By using Huffman’s code, we have managed to extract a certain amount of redundancy, but we are still far from the limit where all the redundancy would have been extracted: that limit is Shannon’s entropy.
There are however many other compression techniques; for instance, there is a technique called arithmetic coding, which can extract a lot more redundancy than Huffman coding, and hence it can create compressed messages where the average number of bits per character is much closer to Shannon’s entropy.
So by using this particular example, we have seen how the concept of Shannon's entropy, in this case calculated from the probabilities of occurrence associated with the letters belonging to the words of a particular language, has very important applications; data compression being one of them. Summarising:
Shannon's entropy is a measure of uncertainty, of unpredictability, and also a measure of information content, of potential information gain.
Shannon’s entropy can also represent a lower limit for lossless data compression: the minimum amount of bits that can be used to encode a message without loss.
Also note that with this definition, more information content has nothing to do with its quality.

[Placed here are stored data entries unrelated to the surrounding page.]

(* Let $K\ge2$, $r\in[0,1]^K$ with a unique maximizing index $a^*$ (i.e. $r(a^* )>\max_{a\ne a^*}r(a)$), and $g(\theta)=\pi_\theta^\top r$ with $\pi_\theta=\mathrm{softmax}(\theta)$. Let $\theta_1\in\mathbb{R}^K$ be arbitrary and define the normalized policy gradient iterates $\theta_{t+1}=\theta_t+\eta\,\nabla g(\theta_t)/\|\nabla g(\theta_t)\|_2$ with $\eta=1/6$. Then $\inf_{t\ge1}\pi_{\theta_t}(a^* )>0$.
   Context: $\mathrm{softmax}(\theta)(a)=e^{\theta(a)}/\sum_{a'}e^{\theta(a')}$; $\nabla g(\theta)=(\mathrm{diag}(\pi_\theta)-\pi_\theta\pi_\theta^\top)r$, which is nonzero for every $\theta$ under the stated assumptions. *)

theory Defs
  imports "HOL-Analysis.Analysis"
begin

definition softmax :: "real ^ 'K \<Rightarrow> real ^ 'K" where
  "softmax \<theta> = (\<chi> a. exp (\<theta> $ a) / (\<Sum>a'\<in>UNIV. exp (\<theta> $ a')))"

definition expected_reward :: "real ^ 'K \<Rightarrow> real ^ 'K \<Rightarrow> real" where
  "expected_reward r \<theta> = softmax \<theta> \<bullet> r"

text \<open>Gradient of g, as given in the paper: (diag(pi) - pi pi^T) r,
  i.e. component a is pi(a) * (r(a) - pi^T r).\<close>
definition pg_grad :: "real ^ 'K \<Rightarrow> real ^ 'K \<Rightarrow> real ^ 'K" where
  "pg_grad r \<theta> = (\<chi> a. softmax \<theta> $ a * (r $ a - softmax \<theta> \<bullet> r))"

fun npg_iter :: "real ^ 'K \<Rightarrow> real \<Rightarrow> real ^ 'K \<Rightarrow> nat \<Rightarrow> real ^ 'K" where
  "npg_iter r \<eta> \<theta>1 0 = \<theta>1"
| "npg_iter r \<eta> \<theta>1 (Suc t) =
     (let \<theta> = npg_iter r \<eta> \<theta>1 t in \<theta> + (\<eta> / norm (pg_grad r \<theta>)) *\<^sub>R pg_grad r \<theta>)"
(* Let $f\colon X\to Y$ be a surjective morphism of non-degenerate cycle sets. Then there is a unique brace morphism $A(f)\colon A(X)\to A(Y)$ such that $A(f)\circ\sigma_X=\sigma_Y\circ f$, where $\sigma_X\colon X\to A(X)$ and $\sigma_Y\colon Y\to A(Y)$ are the canonical maps; moreover $A(f)$ is surjective.
   Context: A cycle set is a set $X$ with a binary operation $\cdot$ such that for every $x\in X$ the map $y\mapsto x\cdot y$ is a bijection of $X$, and $(x\cdot y)\cdot(x\cdot z)=(y\cdot x)\cdot(y\cdot z)$ for all $x,y,z$. It is non-degenerate if the map $x\mapsto x\cdot x$ is bijective. A morphism of cycle sets is a map $f$ with $f(x\cdot y)=f(x)\cdot f(y)$. A brace is an abelian group $(A,+)$ with a binary operation $\cdot$ making $A$ a cycle set and satisfying $a\cdot(b+c)=(a\cdot b)+(a\cdot c)$ and $(a+b)\cdot c=(a\cdot b)\cdot(a\cdot c)$; a brace morphism is an additive homomorphism preserving $\cdot$. For a non-degenerate cycle set $X$, $A_X$ denotes the unique brace structure on the free abelian group $\mathbb{Z}^{(X)}$ extending the operation of $X$. The socle of a brace $A$ is $\mathrm{Soc}(A)=\{a\in A: a\cdot b=b \text{ for all } b\in A\}$; it is an ideal, so $A/\mathrm{Soc}(A)$ is a brace. Set $A(X):=A_X/\mathrm{Soc}(A_X)$ and let $\sigma_X\colon X\to A(X)$ be the composite of the inclusion $X\hookrightarrow A_X$ with the quotient map. *)

theory Defs
  imports Main
begin

definition cycle_set :: "'a set \<Rightarrow> ('a \<Rightarrow> 'a \<Rightarrow> 'a) \<Rightarrow> bool" where
  "cycle_set X op \<longleftrightarrow>
     (\<forall>x\<in>X. bij_betw (op x) X X) \<and>
     (\<forall>x\<in>X. \<forall>y\<in>X. \<forall>z\<in>X. op (op x y) (op x z) = op (op y x) (op y z))"

definition nondeg_cycle_set :: "'a set \<Rightarrow> ('a \<Rightarrow> 'a \<Rightarrow> 'a) \<Rightarrow> bool" where
  "nondeg_cycle_set X op \<longleftrightarrow> cycle_set X op \<and> bij_betw (\<lambda>x. op x x) X X"

definition cycle_set_hom ::
  "'a set \<Rightarrow> ('a \<Rightarrow> 'a \<Rightarrow> 'a) \<Rightarrow> 'b set \<Rightarrow> ('b \<Rightarrow> 'b \<Rightarrow> 'b) \<Rightarrow> ('a \<Rightarrow> 'b) \<Rightarrow> bool" where
  "cycle_set_hom X op Y op' f \<longleftrightarrow>
     (\<forall>x\<in>X. f x \<in> Y) \<and> (\<forall>x\<in>X. \<forall>y\<in>X. f (op x y) = op' (f x) (f y))"

section \<open>Braces (given by carrier, addition, and the cycle-set operation)\<close>

definition abelian_group_on :: "'a set \<Rightarrow> ('a \<Rightarrow> 'a \<Rightarrow> 'a) \<Rightarrow> bool" where
  "abelian_group_on A pl \<longleftrightarrow>
     (\<forall>a\<in>A. \<forall>b\<in>A. pl a b \<in> A) \<and>
     (\<forall>a\<in>A. \<forall>b\<in>A. \<forall>c\<in>A. pl (pl a b) c = pl a (pl b c)) \<and>
     (\<forall>a\<in>A. \<forall>b\<in>A. pl a b = pl b a) \<and>
     (\<exists>z\<in>A. (\<forall>a\<in>A. pl z a = a) \<and> (\<forall>a\<in>A. \<exists>b\<in>A. pl a b = z))"

definition brace :: "'a set \<Rightarrow> ('a \<Rightarrow> 'a \<Rightarrow> 'a) \<Rightarrow> ('a \<Rightarrow> 'a \<Rightarrow> 'a) \<Rightarrow> bool" where
  "brace A pl op \<longleftrightarrow>
     abelian_group_on A pl \<and> cycle_set A op \<and>
     (\<forall>a\<in>A. \<forall>b\<in>A. \<forall>c\<in>A. op a (pl b c) = pl (op a b) (op a c)) \<and>
     (\<forall>a\<in>A. \<forall>b\<in>A. \<forall>c\<in>A. op (pl a b) c = op (op a b) (op a c))"

definition brace_hom ::
  "'a set \<Rightarrow> ('a \<Rightarrow> 'a \<Rightarrow> 'a) \<Rightarrow> ('a \<Rightarrow> 'a \<Rightarrow> 'a) \<Rightarrow>
   'b set \<Rightarrow> ('b \<Rightarrow> 'b \<Rightarrow> 'b) \<Rightarrow> ('b \<Rightarrow> 'b \<Rightarrow> 'b) \<Rightarrow> ('a \<Rightarrow> 'b) \<Rightarrow> bool" where
  "brace_hom A pl op B pl' op' h \<longleftrightarrow>
     (\<forall>a\<in>A. h a \<in> B) \<and>
     (\<forall>a\<in>A. \<forall>b\<in>A. h (pl a b) = pl' (h a) (h b)) \<and>
     (\<forall>a\<in>A. \<forall>b\<in>A. h (op a b) = op' (h a) (h b))"

definition socle :: "'a set \<Rightarrow> ('a \<Rightarrow> 'a \<Rightarrow> 'a) \<Rightarrow> 'a set" where
  "socle A op = {a\<in>A. \<forall>b\<in>A. op a b = b}"

definition coset :: "('a \<Rightarrow> 'a \<Rightarrow> 'a) \<Rightarrow> 'a set \<Rightarrow> 'a \<Rightarrow> 'a set" where
  "coset pl I a = (\<lambda>s. pl a s) ` I"

definition quot_carrier :: "'a set \<Rightarrow> ('a \<Rightarrow> 'a \<Rightarrow> 'a) \<Rightarrow> 'a set \<Rightarrow> 'a set set" where
  "quot_carrier A pl I = coset pl I ` A"

definition quot_op :: "('a \<Rightarrow> 'a \<Rightarrow> 'a) \<Rightarrow> 'a set \<Rightarrow> ('a \<Rightarrow> 'a \<Rightarrow> 'a) \<Rightarrow> 'a set \<Rightarrow> 'a set \<Rightarrow> 'a set" where
  "quot_op pl I f C D = coset pl I (f (SOME a. a \<in> C) (SOME b. b \<in> D))"

definition free_ab :: "'a set \<Rightarrow> ('a \<Rightarrow> int) set" where
  "free_ab X = {v. finite {x. v x \<noteq> 0} \<and> {x. v x \<noteq> 0} \<subseteq> X}"

definition fplus :: "('a \<Rightarrow> int) \<Rightarrow> ('a \<Rightarrow> int) \<Rightarrow> ('a \<Rightarrow> int)" where
  "fplus v w = (\<lambda>x. v x + w x)"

So in this sense, a larger amount of Shannon's entropy does not necessarily imply a better quality of its content (an example of two subjective concepts which could be linked to quality are meaningfulness or importance).
I will expand on this topic in the following video, when we discuss Norbert Wiener’s ideas.
Shannon's Bit vs Storage Bit:
Now, there is one point that needs clarifying. In this past section of the video, while discussing concepts such as compression and redundancy, we have actually been talking about different kinds of bits, that is, bits which represent different concepts.
You may recall that in the previous video we defined the bit as a variable which can have two possible values, which we represent by the digits 0 and 1. This is the most popular definition, one that is usually associated with the storage or transmission of encoded data. In this way, one bit is the capacity of a system which can exist in only two states.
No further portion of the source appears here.